## Exercise instructions
Look through the records below, and copy out every line that holds the string "residuum".

--- Material to process ---

(* Let $\mathbf{L}=\langle L,\leq,0,1\rangle$ be a totally ordered complete lattice, let $f\colon L\to L$ be an order embedding, and let $\mathcal{D}_1,\mathcal{D}_2,\mathcal{D}_3$ be ranked data tables for which both sides of the following equalities are defined. Then (1) $(\mathcal{D}_1\div^{\mathcal{D}_3}\mathcal{D}_2)\circ f=(\mathcal{D}_1\circ f)\div^{\mathcal{D}_3\circ f}(\mathcal{D}_2\circ f)$; (2) $(\mathcal{D}_1\rightarrow^{\mathcal{D}_3}\mathcal{D}_2)\circ f=(\mathcal{D}_1\circ f)\rightarrow^{\mathcal{D}_3\circ f}(\mathcal{D}_2\circ f)$; (3) if $f(0)=0$, then $(\mathcal{D}_1-\mathcal{D}_2)\circ f=(\mathcal{D}_1\circ f)-(\mathcal{D}_2\circ f)$; (4) if $f(1)=1$, then $f(\mathrm{S}(\mathcal{D}_1,\mathcal{D}_2))=\mathrm{S}(\mathcal{D}_1\circ f,\mathcal{D}_2\circ f)$.
   Context: A relation scheme is a finite set of attributes, each with a (at most countable) set of admissible values; $\mathrm{Tupl}(R)$ is the set of tuples on $R$ (maps assigning to each attribute of $R$ an admissible value). For disjoint $R,S$ and $r\in\mathrm{Tupl}(R)$, $s\in\mathrm{Tupl}(S)$, $rs$ is the tuple on $R\cup S$ extending both. A ranked data table (RDT) on $R$ is a map $\mathcal{D}\colon\mathrm{Tupl}(R)\to L$ with $\{r;\ \mathcal{D}(r)>0\}$ finite. $\mathcal{D}\circ f$ denotes $r\mapsto f(\mathcal{D}(r))$, and operations are applied to such maps by the same formulas. On $L$ define $a\rightarrow b=1$ if $a\leq b$ and $a\rightarrow b=b$ otherwise; $a\ominus b=0$ if $a\leq b$ and $a\ominus b=a$ otherwise. Operations: for $\mathcal{D}_1$ on $R\cup S$ with $R\cap S=\emptyset$, $\mathcal{D}_2$ on $S$ and $\mathcal{D}_3$ on $R$, the division is the map on $\mathrm{Tupl}(R)$ given by $(\mathcal{D}_1\div^{\mathcal{D}_3}\mathcal{D}_2)(r)=\inf\big(\{\mathcal{D}_2(s)\rightarrow\mathcal{D}_1(rs);\ s\in\mathrm{Tupl}(S)\}\cup\{\mathcal{D}_3(r)\}\big)$. For $\mathcal{D}_1,\mathcal{D}_2,\mathcal{D}_3$ on the same $R$: $(\mathcal{D}_1\rightarrow^{\mathcal{D}_3}\mathcal{D}_2)(r)=\inf\{\mathcal{D}_3(r),\mathcal{D}_1(r)\rightarrow\mathcal{D}_2(r)\}$. For $\mathcal{D}_1,\mathcal{D}_2$ on the same $R$: $(\mathcal{D}_1-\mathcal{D}_2)(r)=\mathcal{D}_1(r)\ominus\mathcal{D}_2(r)$, and the subsethood score is $\mathrm{S}(\mathcal{D}_1,\mathcal{D}_2)=\inf\{\mathcal{D}_1(r)\rightarrow\mathcal{D}_2(r);\ r\in\mathrm{Tupl}(R)\}\in L$. A map $f$ is an order embedding if $a\leq b \iff f(a)\leq f(b)$. *)

theory Defs
  imports Main "HOL-Library.Countable_Set"
begin

text \<open>Attributes have type 'a, values type 'v. The map dm assigns to each attribute
its set of admissible values.\<close>

definition tuples :: "('a \<Rightarrow> 'v set) \<Rightarrow> 'a set \<Rightarrow> ('a \<rightharpoonup> 'v) set" where
  "tuples dm R = {t. dom t = R \<and> (\<forall>y\<in>R. \<exists>v\<in>dm y. t y = Some v)}"

definition rel_scheme :: "('a \<Rightarrow> 'v set) \<Rightarrow> 'a set \<Rightarrow> bool" where
  "rel_scheme dm R \<longleftrightarrow> finite R \<and> (\<forall>y\<in>R. countable (dm y))"

text \<open>Ranked data table on R: only its values on tuples of R matter; finitely many
tuples of R get a nonzero rank.\<close>
definition is_rdt :: "('a \<Rightarrow> 'v set) \<Rightarrow> 'a set \<Rightarrow> (('a \<rightharpoonup> 'v) \<Rightarrow> 'l::complete_linorder) \<Rightarrow> bool" where
  "is_rdt dm R D \<longleftrightarrow> finite {r \<in> tuples dm R. D r > bot}"

definition resid :: "'l::complete_linorder \<Rightarrow> 'l \<Rightarrow> 'l" where
  "resid a b = (if a \<le> b then top else b)"

definition bdiff :: "'l::complete_linorder \<Rightarrow> 'l \<Rightarrow> 'l" where
  "bdiff a b = (if a \<le> b then bot else a)"

text \<open>Division of D1 (on R \<union> S) by D2 (on S) bounded by D3 (on R); a map on tuples of R.\<close>
definition rdiv :: "('a \<Rightarrow> 'v set) \<Rightarrow> 'a set \<Rightarrow> (('a \<rightharpoonup> 'v) \<Rightarrow> 'l::complete_linorder)
   \<Rightarrow> (('a \<rightharpoonup> 'v) \<Rightarrow> 'l) \<Rightarrow> (('a \<rightharpoonup> 'v) \<Rightarrow> 'l) \<Rightarrow> ('a \<rightharpoonup> 'v) \<Rightarrow> 'l" where
  "rdiv dm S D1 D2 D3 r = Inf ({resid (D2 s) (D1 (r ++ s)) | s. s \<in> tuples dm S} \<union> {D3 r})"

definition rimpl :: "(('a \<rightharpoonup> 'v) \<Rightarrow> 'l::complete_linorder) \<Rightarrow> (('a \<rightharpoonup> 'v) \<Rightarrow> 'l)
   \<Rightarrow> (('a \<rightharpoonup> 'v) \<Rightarrow> 'l) \<Rightarrow> ('a \<rightharpoonup> 'v) \<Rightarrow> 'l" where
  "rimpl D1 D2 D3 r = inf (D3 r) (resid (D1 r) (D2 r))"

definition rminus :: "(('a \<rightharpoonup> 'v) \<Rightarrow> 'l::complete_linorder) \<Rightarrow> (('a \<rightharpoonup> 'v) \<Rightarrow> 'l)
   \<Rightarrow> ('a \<rightharpoonup> 'v) \<Rightarrow> 'l" where
  "rminus D1 D2 r = bdiff (D1 r) (D2 r)"

definition subsethood :: "('a \<Rightarrow> 'v set) \<Rightarrow> 'a set \<Rightarrow> (('a \<rightharpoonup> 'v) \<Rightarrow> 'l::complete_linorder)
   \<Rightarrow> (('a \<rightharpoonup> 'v) \<Rightarrow> 'l) \<Rightarrow> 'l" where
  "subsethood dm R D1 D2 = Inf {resid (D1 r) (D2 r) | r. r \<in> tuples dm R}"

definition order_embedding :: "('l::order \<Rightarrow> 'm::order) \<Rightarrow> bool" where
  "order_embedding f \<longleftrightarrow> (\<forall>a b. a \<le> b \<longleftrightarrow> f a \<le> f b)"

end

theory Submission
  imports Defs
begin

(* An order embedding preserves every comparison, hence it commutes with the case
   distinctions defining the residuum and the bounded difference, except that it may move
   the value 1 of a residuum; this is harmless wherever the residuum is met with a third
   value, as in division and bounded implication. The only infinitary operation is the
   infimum, and the infima occurring here are attained: a residuum with antecedent 0 is 1,
   so for ranked data tables only finitely many of them differ from 1. A monotone map
   commutes with attained infima. *)

lemma order_embedding_le_iff:
  "order_embedding f \<Longrightarrow> f a \<le> f b \<longleftrightarrow> a \<le> b"
  unfolding order_embedding_def by blast

lemma order_embedding_mono: "order_embedding f \<Longrightarrow> mono f"
  by (simp add: monoI order_embedding_le_iff)

lemma Inf_mem_if_finite_non_top:
  fixes A :: "'l::complete_linorder set"
  assumes "A \<noteq> {}" and "finite (A - {top})"
  shows "Inf A \<in> A"
proof (cases "A - {top} = {}")
  case True
  then have "A = {top}" using assms(1) by blast
  then show ?thesis by simp
next
  case False
  have "Inf A = Inf (A - {top})"
    by (metis Inf_insert inf_top_left insert_Diff_single insert_absorb2 insert_Diff)
  also have "\<dots> = Min (A - {top})"
    using False assms(2) by (simp add: cInf_eq_Min)
  also have "\<dots> \<in> A - {top}"
    using assms(2) False by (rule Min_in)
  finally show ?thesis by blast
qed

lemma mono_Inf_eq_Inf_image:
  fixes f :: "'l::complete_lattice \<Rightarrow> 'm::complete_lattice"
  assumes "mono f" and "Inf A \<in> A"
  shows "f (Inf A) = Inf (f ` A)"
  using assms by (simp add: INF_lower antisym mono_Inf)

lemma finite_resid_non_top:
  assumes "finite {s \<in> T. D s > bot}"
  shows "finite ((\<lambda>s. resid (D s) (E s)) ` T - {top})"
proof -
  have "(\<lambda>s. resid (D s) (E s)) ` T - {top} \<subseteq> (\<lambda>s. resid (D s) (E s)) ` {s \<in> T. D s > bot}"
  proof (rule subsetI, elim DiffE imageE)
    fix x s
    assume "x = resid (D s) (E s)" "s \<in> T" "x \<notin> {top}"
    then have "\<not> D s \<le> E s" by (auto simp: resid_def)
    then have "D s > bot" by (meson bot_least le_less_trans not_le)
    with \<open>x = resid (D s) (E s)\<close> \<open>s \<in> T\<close>
    show "x \<in> (\<lambda>s. resid (D s) (E s)) ` {s \<in> T. D s > bot}" by blast
  qed
  with assms show ?thesis
    by (meson finite_imageI finite_subset)
qed

lemma Inf_insert_cong:
  fixes c :: "'l::complete_lattice"
  assumes "\<And>x. x \<in> X \<Longrightarrow> inf c (g x) = inf c (h x)"
  shows "Inf (insert c (g ` X)) = Inf (insert c (h ` X))"
proof -
  have le: "Inf (insert c (g' ` X)) \<le> Inf (insert c (h' ` X))"
    if "\<And>x. x \<in> X \<Longrightarrow> inf c (g' x) = inf c (h' x)" for g' h'
  proof (rule Inf_greatest)
    fix y assume "y \<in> insert c (h' ` X)"
    then consider "y = c" | x where "x \<in> X" "y = h' x" by blast
    then show "Inf (insert c (g' ` X)) \<le> y"
    proof cases
      case 2
      then have "Inf (insert c (g' ` X)) \<le> inf c (g' x)"
        by (intro le_infI Inf_lower) auto
      also have "\<dots> \<le> y" using that 2 by simp
      finally show ?thesis .
    qed simp
  qed
  show ?thesis
    using le[of g h] le[of h g] assms by (metis antisym)
qed

lemma order_embedding_inf:
  fixes f :: "'l::complete_linorder \<Rightarrow> 'm::complete_linorder"
  assumes "order_embedding f"
  shows "f (inf a b) = inf (f a) (f b)"
  using min_of_mono[OF order_embedding_mono[OF assms]] by (simp add: inf_min)

lemma order_embedding_inf_resid:
  fixes f :: "'l::complete_linorder \<Rightarrow> 'm::complete_linorder"
  assumes "order_embedding f"
  shows "f (inf c (resid a b)) = inf (f c) (resid (f a) (f b))"
proof -
  have "f c \<le> f top"
    by (simp add: assms order_embedding_le_iff)
  then show ?thesis
    by (simp add: resid_def assms order_embedding_le_iff order_embedding_inf inf_absorb1)
qed

lemma order_embedding_resid:
  assumes "order_embedding f" and "f top = top"
  shows "f (resid a b) = resid (f a) (f b)"
  using assms by (simp add: resid_def order_embedding_le_iff)

lemma order_embedding_bdiff:
  assumes "order_embedding f" and "f bot = bot"
  shows "f (bdiff a b) = bdiff (f a) (f b)"
  using assms by (simp add: bdiff_def order_embedding_le_iff)

lemma rdiv_eq_Inf_insert:
  "rdiv dm S D1 D2 D3 r = Inf (insert (D3 r) ((\<lambda>s. resid (D2 s) (D1 (r ++ s))) ` tuples dm S))"
  unfolding rdiv_def by (simp add: setcompr_eq_image)

lemma rdiv_order_embedding:
  assumes emb: "order_embedding f" and fin: "finite {s \<in> tuples dm S. D2 s > bot}"
  shows "f (rdiv dm S D1 D2 D3 r) = rdiv dm S (f \<circ> D1) (f \<circ> D2) (f \<circ> D3) r"
proof -
  let ?A = "insert (D3 r) ((\<lambda>s. resid (D2 s) (D1 (r ++ s))) ` tuples dm S)"
  have "Inf ?A \<in> ?A"
    using finite_resid_non_top[OF fin] by (intro Inf_mem_if_finite_non_top) auto
  then have "f (Inf ?A) = Inf (f ` ?A)"
    by (rule mono_Inf_eq_Inf_image[OF order_embedding_mono[OF emb]])
  also have "\<dots> = Inf (insert (f (D3 r)) ((\<lambda>s. f (resid (D2 s) (D1 (r ++ s)))) ` tuples dm S))"
    by (simp only: image_insert image_image)
  also have "\<dots> = Inf (insert (f (D3 r)) ((\<lambda>s. resid (f (D2 s)) (f (D1 (r ++ s)))) ` tuples dm S))"
    by (rule Inf_insert_cong)
      (metis emb order_embedding_inf order_embedding_inf_resid)
  finally show ?thesis
    by (simp add: rdiv_eq_Inf_insert)
qed

lemma rimpl_order_embedding:
  assumes "order_embedding f"
  shows "f (rimpl D1 D2 D3 r) = rimpl (f \<circ> D1) (f \<circ> D2) (f \<circ> D3) r"
  unfolding rimpl_def comp_apply using assms by (rule order_embedding_inf_resid)

lemma rminus_order_embedding:
  assumes "order_embedding f" and "f bot = bot"
  shows "f (rminus D1 D2 r) = rminus (f \<circ> D1) (f \<circ> D2) r"
  using assms by (simp add: rminus_def order_embedding_bdiff)

lemma subsethood_order_embedding:
  assumes emb: "order_embedding f" and top: "f top = top"
    and fin: "finite {r \<in> tuples dm R. D1 r > bot}"
  shows "f (subsethood dm R D1 D2) = subsethood dm R (f \<circ> D1) (f \<circ> D2)"
proof -
  let ?A = "(\<lambda>r. resid (D1 r) (D2 r)) ` tuples dm R"
  have "f (Inf ?A) = Inf (f ` ?A)"
  proof (cases "?A = {}")
    case False
    then have "Inf ?A \<in> ?A"
      using finite_resid_non_top[OF fin] by (rule Inf_mem_if_finite_non_top)
    then show ?thesis
      by (rule mono_Inf_eq_Inf_image[OF order_embedding_mono[OF emb]])
  qed (simp add: top)
  then show ?thesis
    by (simp add: subsethood_def setcompr_eq_image image_image order_embedding_resid[OF emb top])
qed

theorem theorem7:
  fixes dm :: "'a \<Rightarrow> 'v set" and f :: "'l::complete_linorder \<Rightarrow> 'l"
  assumes emb: "order_embedding f"
  shows
   "(\<forall>R S (D1 :: ('a \<rightharpoonup> 'v) \<Rightarrow> 'l) D2 D3.
       rel_scheme dm R \<and> rel_scheme dm S \<and> R \<inter> S = {} \<and>
       is_rdt dm (R \<union> S) D1 \<and> is_rdt dm S D2 \<and> is_rdt dm R D3 \<and>
       is_rdt dm (R \<union> S) (f \<circ> D1) \<and> is_rdt dm S (f \<circ> D2) \<and> is_rdt dm R (f \<circ> D3)
     \<longrightarrow> (\<forall>r\<in>tuples dm R.
           f (rdiv dm S D1 D2 D3 r) = rdiv dm S (f \<circ> D1) (f \<circ> D2) (f \<circ> D3) r))
  \<and> (\<forall>R (D1 :: ('a \<rightharpoonup> 'v) \<Rightarrow> 'l) D2 D3.
       rel_scheme dm R \<and> is_rdt dm R D1 \<and> is_rdt dm R D2 \<and> is_rdt dm R D3 \<and>
       is_rdt dm R (f \<circ> D1) \<and> is_rdt dm R (f \<circ> D2) \<and> is_rdt dm R (f \<circ> D3)
     \<longrightarrow> (\<forall>r\<in>tuples dm R.
           f (rimpl D1 D2 D3 r) = rimpl (f \<circ> D1) (f \<circ> D2) (f \<circ> D3) r))
  \<and> (f bot = bot \<longrightarrow>
     (\<forall>R (D1 :: ('a \<rightharpoonup> 'v) \<Rightarrow> 'l) D2.
       rel_scheme dm R \<and> is_rdt dm R D1 \<and> is_rdt dm R D2 \<and>
       is_rdt dm R (f \<circ> D1) \<and> is_rdt dm R (f \<circ> D2)
     \<longrightarrow> (\<forall>r\<in>tuples dm R.
           f (rminus D1 D2 r) = rminus (f \<circ> D1) (f \<circ> D2) r)))
  \<and> (f top = top \<longrightarrow>
     (\<forall>R (D1 :: ('a \<rightharpoonup> 'v) \<Rightarrow> 'l) D2.
       rel_scheme dm R \<and> is_rdt dm R D1 \<and> is_rdt dm R D2 \<and>
       is_rdt dm R (f \<circ> D1) \<and> is_rdt dm R (f \<circ> D2)
     \<longrightarrow> f (subsethood dm R D1 D2) = subsethood dm R (f \<circ> D1) (f \<circ> D2)))"
proof (intro conjI allI impI ballI)
  fix R S and D1 D2 D3 :: "('a \<rightharpoonup> 'v) \<Rightarrow> 'l" and r
  assume "rel_scheme dm R \<and> rel_scheme dm S \<and> R \<inter> S = {} \<and>
       is_rdt dm (R \<union> S) D1 \<and> is_rdt dm S D2 \<and> is_rdt dm R D3 \<and>
       is_rdt dm (R \<union> S) (f \<circ> D1) \<and> is_rdt dm S (f \<circ> D2) \<and> is_rdt dm R (f \<circ> D3)"
  then have "finite {s \<in> tuples dm S. D2 s > bot}"
    by (simp add: is_rdt_def)
  with emb show "f (rdiv dm S D1 D2 D3 r) = rdiv dm S (f \<circ> D1) (f \<circ> D2) (f \<circ> D3) r"
    by (rule rdiv_order_embedding)
next
  fix D1 D2 D3 :: "('a \<rightharpoonup> 'v) \<Rightarrow> 'l" and r
  from emb show "f (rimpl D1 D2 D3 r) = rimpl (f \<circ> D1) (f \<circ> D2) (f \<circ> D3) r"
    by (rule rimpl_order_embedding)
next
  fix D1 D2 :: "('a \<rightharpoonup> 'v) \<Rightarrow> 'l" and r
  assume "f bot = bot"
  with emb show "f (rminus D1 D2 r) = rminus (f \<circ> D1) (f \<circ> D2) r"
    by (rule rminus_order_embedding)
next
  fix R and D1 D2 :: "('a \<rightharpoonup> 'v) \<Rightarrow> 'l"
  assume "f top = top" and "rel_scheme dm R \<and> is_rdt dm R D1 \<and> is_rdt dm R D2 \<and>
       is_rdt dm R (f \<circ> D1) \<and> is_rdt dm R (f \<circ> D2)"
  then show "f (subsethood dm R D1 D2) = subsethood dm R (f \<circ> D1) (f \<circ> D2)"
    using emb by (intro subsethood_order_embedding) (simp_all add: is_rdt_def)
qed

end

---

## Output for this task
   distinctions defining the residuum and the bounded difference, except that it may move
   the value 1 of a residuum; this is harmless wherever the residuum is met with a third
   infimum, and the infima occurring here are attained: a residuum with antecedent 0 is 1,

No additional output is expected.